WORK ITEM – Given the material below, output exactly the lines from the line with "text \<open>Paths inside" to the line with "U \<subseteq> W \<Longrightarrow>", both ends included, and no other lines.

SUPPLIED MATERIAL –
(* Let $(D,k,r)$ be an instance of the Rooted Maximum Leaf Outbranching problem such that $D$ is reduced (none of the reduction rules (0)–(3) below applies to $D$). If $D$ has a vertex of indegree at least $k$, then $D$ has an outbranching rooted at $r$ with at least $k$ leaves. Rules: (0) some vertex of $D$ is not reachable from $r$ by a directed path (then the instance is replaced by a trivially FALSE one); (1) $x$ is a cutvertex of $D$: delete $x$ and add an arc $(v,z)$ for every $v\in N^-(x)$ and $z\in N^+(x)\setminus\{v\}$; (2) $P$ is a bipath of length 4: contract two consecutive internal vertices of $P$; (3) $x$ is a vertex and some $y\in N^-(x)$ is such that $N^-(x)\setminus\{y\}$ cuts $y$ from $r$ (every directed path from $r$ to $y$ meets $N^-(x)\setminus\{y\}$): delete the arc $(y,x)$.
   Context: A rooted digraph is a loopless digraph $D$ with a distinguished vertex $r$ (the root) such that: there is no arc $(u,r)$ for any $u\in V(D)$; there is no arc $(x,y)$ with $x\neq r$ and $y$ an outneighbour of $r$; and $r$ has outdegree at least 2. $N^-(x)$, $N^+(x)$ are the in- and out-neighbourhoods of $x$. A cut of $D$ is a set $S\subseteq V(D)\setminus\{r\}$ such that some vertex $z\notin S$ is not the endpoint of any directed path starting at $r$ in $D-S$; a cutvertex is a cut of size 1. A sequence of distinct vertices $(x_1,\dots,x_l)$, $l\ge 3$, is a bipath of length $l-1$ if the set of arcs incident to $\{x_2,\dots,x_{l-1}\}$ is exactly $\{(x_i,x_{i+1}),(x_{i+1},x_i):1\le i\le l-1\}$. An outbranching of $D$ is a spanning subdigraph which is a directed tree rooted at $r$ with all arcs directed away from $r$; its leaves are its vertices of outdegree 0. The Rooted Maximum Leaf Outbranching problem asks whether $D$ has an outbranching rooted at $r$ with at least $k$ leaves. *)

theory Defs
  imports Main
begin

definition in_nbrs :: "('a \<times> 'a) set \<Rightarrow> 'a \<Rightarrow> 'a set" where
  "in_nbrs A x = {u. (u, x) \<in> A}"

definition out_nbrs :: "('a \<times> 'a) set \<Rightarrow> 'a \<Rightarrow> 'a set" where
  "out_nbrs A x = {v. (x, v) \<in> A}"

definition rooted_digraph :: "'a set \<Rightarrow> ('a \<times> 'a) set \<Rightarrow> 'a \<Rightarrow> bool" where
  "rooted_digraph V A r \<longleftrightarrow>
     finite V \<and> r \<in> V \<and> A \<subseteq> V \<times> V \<and>
     (\<forall>x. (x, x) \<notin> A) \<and>
     (\<forall>u. (u, r) \<notin> A) \<and>
     (\<forall>x y. (x, y) \<in> A \<and> x \<noteq> r \<longrightarrow> y \<notin> out_nbrs A r) \<and>
     card (out_nbrs A r) \<ge> 2"

definition reach_avoid :: "('a \<times> 'a) set \<Rightarrow> 'a set \<Rightarrow> 'a \<Rightarrow> 'a \<Rightarrow> bool" where
  "reach_avoid A S u v \<longleftrightarrow> u \<notin> S \<and> (u, v) \<in> (A \<inter> ((- S) \<times> (- S)))\<^sup>*"

definition is_cut :: "'a set \<Rightarrow> ('a \<times> 'a) set \<Rightarrow> 'a \<Rightarrow> 'a set \<Rightarrow> bool" where
  "is_cut V A r S \<longleftrightarrow> S \<subseteq> V - {r} \<and> (\<exists>z \<in> V - S. \<not> reach_avoid A S r z)"

definition is_cutvertex :: "'a set \<Rightarrow> ('a \<times> 'a) set \<Rightarrow> 'a \<Rightarrow> 'a \<Rightarrow> bool" where
  "is_cutvertex V A r x \<longleftrightarrow> is_cut V A r {x}"

text \<open>Bipath (x_1,...,x_l), l \<ge> 3, of length l - 1.\<close>
definition is_bipath :: "'a set \<Rightarrow> ('a \<times> 'a) set \<Rightarrow> 'a list \<Rightarrow> bool" where
  "is_bipath V A xs \<longleftrightarrow>
     length xs \<ge> 3 \<and> distinct xs \<and> set xs \<subseteq> V \<and>
     {(u, v) \<in> A. u \<in> set (butlast (tl xs)) \<or> v \<in> set (butlast (tl xs))} =
       {(xs ! i, xs ! (i + 1)) | i. i + 1 < length xs} \<union>
       {(xs ! (i + 1), xs ! i) | i. i + 1 < length xs}"

definition cuts_from :: "('a \<times> 'a) set \<Rightarrow> 'a \<Rightarrow> 'a set \<Rightarrow> 'a \<Rightarrow> bool" where
  "cuts_from A r S y \<longleftrightarrow> \<not> reach_avoid A S r y"

definition reduced :: "'a set \<Rightarrow> ('a \<times> 'a) set \<Rightarrow> 'a \<Rightarrow> bool" where
  "reduced V A r \<longleftrightarrow>
     \<comment> \<open>(0)\<close> (\<forall>z \<in> V. reach_avoid A {} r z) \<and>
     \<comment> \<open>(1)\<close> (\<forall>x. \<not> is_cutvertex V A r x) \<and>
     \<comment> \<open>(2)\<close> (\<forall>xs. \<not> (is_bipath V A xs \<and> length xs = 5)) \<and>
     \<comment> \<open>(3)\<close> (\<forall>x \<in> V. \<forall>y \<in> in_nbrs A x. \<not> cuts_from A r (in_nbrs A x - {y}) y)"

definition is_outbranching :: "'a set \<Rightarrow> ('a \<times> 'a) set \<Rightarrow> 'a \<Rightarrow> ('a \<times> 'a) set \<Rightarrow> bool" where
  "is_outbranching V A r B \<longleftrightarrow>
     B \<subseteq> A \<and> r \<in> V \<and>
     in_nbrs B r = {} \<and>
     (\<forall>v \<in> V - {r}. card (in_nbrs B v) = 1) \<and>
     (\<forall>v \<in> V. (r, v) \<in> B\<^sup>*)"

definition leaves :: "'a set \<Rightarrow> ('a \<times> 'a) set \<Rightarrow> 'a set" where
  "leaves V B = {v \<in> V. out_nbrs B v = {}}"

end

theory Submission
  imports Defs
begin

text \<open>Let \<open>Y = N\<^sup>-(x)\<close> with \<open>|Y| \<ge> k\<close>. Since rule (3) does not apply, every \<open>y \<in> Y\<close> is
  reachable from \<open>r\<close> avoiding \<open>Y - {y}\<close>, hence by a path that uses no arc out of \<open>Y\<close>. So after
  deleting all arcs out of \<open>Y\<close>, \<open>r\<close> still reaches all of \<open>Y\<close>, and any out-tree spanning the
  vertices it reaches has all of \<open>Y\<close> as leaves. Since rule (0) does not apply, this out-tree can
  be grown to an outbranching of \<open>D\<close> one arc at a time, and hanging a new leaf below a vertex
  never decreases the number of leaves.\<close>

lemma rtrancl_exit_arc:
  assumes "(a, b) \<in> R\<^sup>*" "a \<in> U" "b \<notin> U"
  shows "\<exists>x y. (x, y) \<in> R \<and> x \<in> U \<and> y \<notin> U"
  using assms by (induction rule: rtrancl_induct) auto

lemma rtrancl_without_arcs_from_target:
  assumes "(a, b) \<in> R\<^sup>*"
  shows "(a, b) \<in> (R \<inter> (- {b}) \<times> UNIV)\<^sup>*"
  using assms
proof (induction rule: converse_rtrancl_induct)
  case base
  then show ?case by simp
next
  case (step a a')
  then show ?case
    by (cases "a = b") (auto intro: converse_rtrancl_into_rtrancl)
qed

lemma rtrancl_restrict_reachable:
  assumes "(r, w) \<in> R\<^sup>*"
  shows "(r, w) \<in> (R \<inter> (R\<^sup>* `` {r}) \<times> (R\<^sup>* `` {r}))\<^sup>*"
  using assms
proof (induction rule: rtrancl_induct)
  case base
  then show ?case by simp
next
  case (step y z)
  then have "(y, z) \<in> R \<inter> (R\<^sup>* `` {r}) \<times> (R\<^sup>* `` {r})"
    by (auto intro: rtrancl_into_rtrancl)
  with step.IH show ?case
    by (rule rtrancl_into_rtrancl)
qed

lemma rtrancl_Image_subset:
  assumes "R \<subseteq> V \<times> V" "a \<in> V"
  shows "R\<^sup>* `` {a} \<subseteq> V"
proof
  fix b
  assume "b \<in> R\<^sup>* `` {a}"
  then have "(a, b) \<in> R\<^sup>*" by simp
  then show "b \<in> V"
    using assms by (induction rule: rtrancl_induct) auto
qed

definition out_tree :: "('a \<times> 'a) set \<Rightarrow> 'a set \<Rightarrow> ('a \<times> 'a) set \<Rightarrow> 'a \<Rightarrow> bool" where
  "out_tree A U B r \<longleftrightarrow> is_outbranching U A r B \<and> B \<subseteq> U \<times> U"

lemma out_tree_root: "out_tree A {r} {} r"
  unfolding out_tree_def is_outbranching_def in_nbrs_def by auto

lemma out_tree_mono: "out_tree A U B r \<Longrightarrow> A \<subseteq> A' \<Longrightarrow> out_tree A' U B r"
  unfolding out_tree_def is_outbranching_def by blast

lemma out_tree_add_leaf:
  assumes tree: "out_tree A U B r" and uv: "(u, v) \<in> A" "u \<in> U" "v \<notin> U"
  shows "out_tree A (insert v U) (insert (u, v) B) r"
proof -
  let ?B = "insert (u, v) B"
  have B: "B \<subseteq> A" "B \<subseteq> U \<times> U" "r \<in> U" "in_nbrs B r = {}"
    "\<forall>w \<in> U - {r}. card (in_nbrs B w) = 1" "\<forall>w \<in> U. (r, w) \<in> B\<^sup>*"
    using tree unfolding out_tree_def is_outbranching_def by auto
  have in_v: "in_nbrs ?B v = {u}"
    using B(2) uv(3) unfolding in_nbrs_def by auto
  have in_other: "in_nbrs ?B w = in_nbrs B w" if "w \<noteq> v" for w
    using that unfolding in_nbrs_def by auto
  have reach_v: "(r, v) \<in> ?B\<^sup>*"
    using B(6) uv(2) rtrancl_mono[of B ?B] by (blast intro: rtrancl_into_rtrancl)
  have "\<forall>w \<in> U. (r, w) \<in> ?B\<^sup>*"
    using B(6) rtrancl_mono[of B ?B] by blast
  moreover have "in_nbrs ?B r = {}"
    using in_other[of r] B(3,4) uv(3) by auto
  moreover have "card (in_nbrs ?B w) = 1" if "w \<in> insert v U - {r}" for w
    using that B(5) by (cases "w = v") (simp_all add: in_v in_other)
  ultimately show ?thesis
    unfolding out_tree_def is_outbranching_def using B uv reach_v by auto
qed

lemma leaves_add_leaf:
  assumes "B \<subseteq> U \<times> U" "u \<in> U" "v \<notin> U"
  shows "insert v (leaves U B - {u}) \<subseteq> leaves (insert v U) (insert (u, v) B)"
  using assms unfolding leaves_def out_nbrs_def by auto

lemma card_leaves_add_leaf:
  assumes "finite U" "B \<subseteq> U \<times> U" "u \<in> U" "v \<notin> U"
  shows "card (leaves U B) \<le> card (leaves (insert v U) (insert (u, v) B))"
proof -
  have fin: "finite (leaves U B)" "finite (leaves (insert v U) (insert (u, v) B))"
    using assms(1) unfolding leaves_def by auto
  have "v \<notin> leaves U B"
    using assms(4) unfolding leaves_def by simp
  then have "card (leaves U B) \<le> card (insert v (leaves U B - {u}))"
    using fin(1) by (cases "u \<in> leaves U B") (auto simp: card_Diff_singleton_if card_gt_0_iff)
  also have "\<dots> \<le> card (leaves (insert v U) (insert (u, v) B))"
    using card_mono[OF fin(2) leaves_add_leaf[OF assms(2-4)]] .
  finally show ?thesis .
qed

text \<open>Paths inside \<open>W\<close> are required so that the arc leaving the current tree lands in \<open>W\<close>.\<close>

lemma out_tree_extend:
  assumes W: "finite W" "\<forall>w \<in> W. (r, w) \<in> (A \<inter> W \<times> W)\<^sup>*"
  shows "out_tree A U B r \<Longrightarrow> U \<subseteq> W \<Longrightarrow>
    \<exists>B'. out_tree A W B' r \<and> card (leaves U B) \<le> card (leaves W B')"
proof (induction "card (W - U)" arbitrary: U B)
  case 0
  then have "U = W" using W(1) by auto
  with 0 show ?case by auto
next
  case (Suc n)
  have "W - U \<noteq> {}"
    using Suc.hyps(2) by (metis card.empty nat.distinct(1))
  then obtain w where w: "w \<in> W" "w \<notin> U"
    by blast
  have "r \<in> U" "B \<subseteq> U \<times> U"
    using Suc.prems(1) unfolding out_tree_def is_outbranching_def by auto
  then obtain u v where uv: "(u, v) \<in> A \<inter> W \<times> W" "u \<in> U" "v \<notin> U"
    using rtrancl_exit_arc[OF W(2)[rule_format, OF w(1)] _ w(2)] by blast
  let ?U = "insert v U" and ?B = "insert (u, v) B"
  have "v \<in> W - U"
    using uv by blast
  then have "card (W - U - {v}) = n"
    using Suc.hyps(2) W(1) by (metis card_Diff_singleton diff_Suc_1)
  moreover have "W - ?U = W - U - {v}"
    by blast
  ultimately have "n = card (W - ?U)"
    by simp
  moreover have "out_tree A ?U ?B r"
    using out_tree_add_leaf[OF Suc.prems(1) _ uv(2,3)] uv(1) by blast
  moreover have "?U \<subseteq> W"
    using Suc.prems(2) \<open>v \<in> W - U\<close> by blast
  ultimately obtain B' where B': "out_tree A W B' r" "card (leaves ?U ?B) \<le> card (leaves W B')"
    using Suc.hyps(1)[of ?U ?B] by blast
  have "card (leaves U B) \<le> card (leaves ?U ?B)"
    using card_leaves_add_leaf[OF finite_subset[OF Suc.prems(2) W(1)] \<open>B \<subseteq> U \<times> U\<close> uv(2,3)] .
  with B' show ?case by auto
qed

lemma outbranching_extending_out_tree:
  assumes "finite V" "A \<subseteq> V \<times> V" "\<forall>w \<in> V. (r, w) \<in> A\<^sup>*"
    and "out_tree A U B r" "U \<subseteq> V"
  shows "\<exists>B'. is_outbranching V A r B' \<and> card (leaves U B) \<le> card (leaves V B')"
proof -
  have "A \<inter> V \<times> V = A" using assms(2) by blast
  then obtain B' where "out_tree A V B' r" "card (leaves U B) \<le> card (leaves V B')"
    using out_tree_extend[of V r A U B] assms by auto
  then show ?thesis unfolding out_tree_def by blast
qed

lemma out_tree_of_reachable:
  assumes "finite V" "A \<subseteq> V \<times> V" "r \<in> V"
  shows "\<exists>B. out_tree A (A\<^sup>* `` {r}) B r"
proof -
  let ?U = "A\<^sup>* `` {r}"
  have fin: "finite ?U"
    using finite_subset[OF rtrancl_Image_subset[OF assms(2,3)] assms(1)] .
  have reach: "\<forall>w \<in> ?U. (r, w) \<in> (A \<inter> ?U \<times> ?U)\<^sup>*"
    using rtrancl_restrict_reachable by fastforce
  have "{r} \<subseteq> ?U"
    by simp
  then show ?thesis
    using out_tree_extend[OF fin reach out_tree_root] by blast
qed

lemma reach_avoid_without_arcs_out_of:
  assumes "reach_avoid A (Y - {y}) r y"
  shows "(r, y) \<in> (A \<inter> (- Y) \<times> UNIV)\<^sup>*"
proof -
  let ?S = "Y - {y}"
  have "(r, y) \<in> (A \<inter> (- ?S) \<times> (- ?S) \<inter> (- {y}) \<times> UNIV)\<^sup>*"
    using assms unfolding reach_avoid_def by (blast intro: rtrancl_without_arcs_from_target)
  moreover have "A \<inter> (- ?S) \<times> (- ?S) \<inter> (- {y}) \<times> UNIV \<subseteq> A \<inter> (- Y) \<times> UNIV"
    by auto
  ultimately show ?thesis
    using rtrancl_mono by blast
qed

lemma out_tree_with_leaves:
  assumes V: "finite V" "A \<subseteq> V \<times> V" "r \<in> V"
    and reach: "\<forall>y \<in> Y. (r, y) \<in> (A \<inter> (- Y) \<times> UNIV)\<^sup>*"
  shows "\<exists>U B. U \<subseteq> V \<and> out_tree A U B r \<and> Y \<subseteq> leaves U B"
proof -
  define A' where "A' = A \<inter> (- Y) \<times> UNIV"
  define U where "U = A'\<^sup>* `` {r}"
  have A': "A' \<subseteq> V \<times> V"
    using V(2) unfolding A'_def by blast
  obtain B where B: "out_tree A' U B r"
    using out_tree_of_reachable[OF V(1) A' V(3)] unfolding U_def by blast
  have "U \<subseteq> V"
    unfolding U_def using rtrancl_Image_subset[OF A' V(3)] .
  moreover have "out_tree A U B r"
    using out_tree_mono[OF B] unfolding A'_def by blast
  moreover have "B \<subseteq> A'"
    using B unfolding out_tree_def is_outbranching_def by blast
  then have "Y \<subseteq> leaves U B"
    using reach unfolding leaves_def out_nbrs_def A'_def U_def by auto
  ultimately show ?thesis
    by blast
qed

theorem lemma5:
  fixes V :: "'a set" and A :: "('a \<times> 'a) set" and r :: 'a and k :: nat
  assumes "rooted_digraph V A r"
    and "reduced V A r"
    and "\<exists>x \<in> V. card (in_nbrs A x) \<ge> k"
  shows "\<exists>B. is_outbranching V A r B \<and> card (leaves V B) \<ge> k"
proof -
  have D: "finite V" "r \<in> V" "A \<subseteq> V \<times> V"
    using assms(1) unfolding rooted_digraph_def by auto
  have rule0: "\<forall>w \<in> V. (r, w) \<in> A\<^sup>*"
    using assms(2) unfolding reduced_def reach_avoid_def by simp
  obtain x where x: "x \<in> V" "k \<le> card (in_nbrs A x)"
    using assms(3) by blast
  have rule3: "reach_avoid A (in_nbrs A x - {y}) r y" if "y \<in> in_nbrs A x" for y
    using assms(2) x(1) that unfolding reduced_def cuts_from_def by blast
  have reach: "\<forall>y \<in> in_nbrs A x. (r, y) \<in> (A \<inter> (- in_nbrs A x) \<times> UNIV)\<^sup>*"
    using reach_avoid_without_arcs_out_of[OF rule3] by blast
  obtain U T where T: "U \<subseteq> V" "out_tree A U T r" "in_nbrs A x \<subseteq> leaves U T"
    using out_tree_with_leaves[OF D(1,3,2) reach] by blast
  have "finite (leaves U T)"
    using finite_subset[OF T(1) D(1)] unfolding leaves_def by simp
  then have "k \<le> card (leaves U T)"
    using card_mono[OF _ T(3)] x(2) by simp
  moreover obtain B where "is_outbranching V A r B" "card (leaves U T) \<le> card (leaves V B)"
    using outbranching_extending_out_tree[OF D(1,3) rule0 T(2,1)] by blast
  ultimately show ?thesis
    by auto
qed

end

OUTPUT OF THE EXERCISE –
text \<open>Paths inside \<open>W\<close> are required so that the arc leaving the current tree lands in \<open>W\<close>.\<close>

lemma out_tree_extend:
  assumes W: "finite W" "\<forall>w \<in> W. (r, w) \<in> (A \<inter> W \<times> W)\<^sup>*"
  shows "out_tree A U B r \<Longrightarrow> U \<subseteq> W \<Longrightarrow>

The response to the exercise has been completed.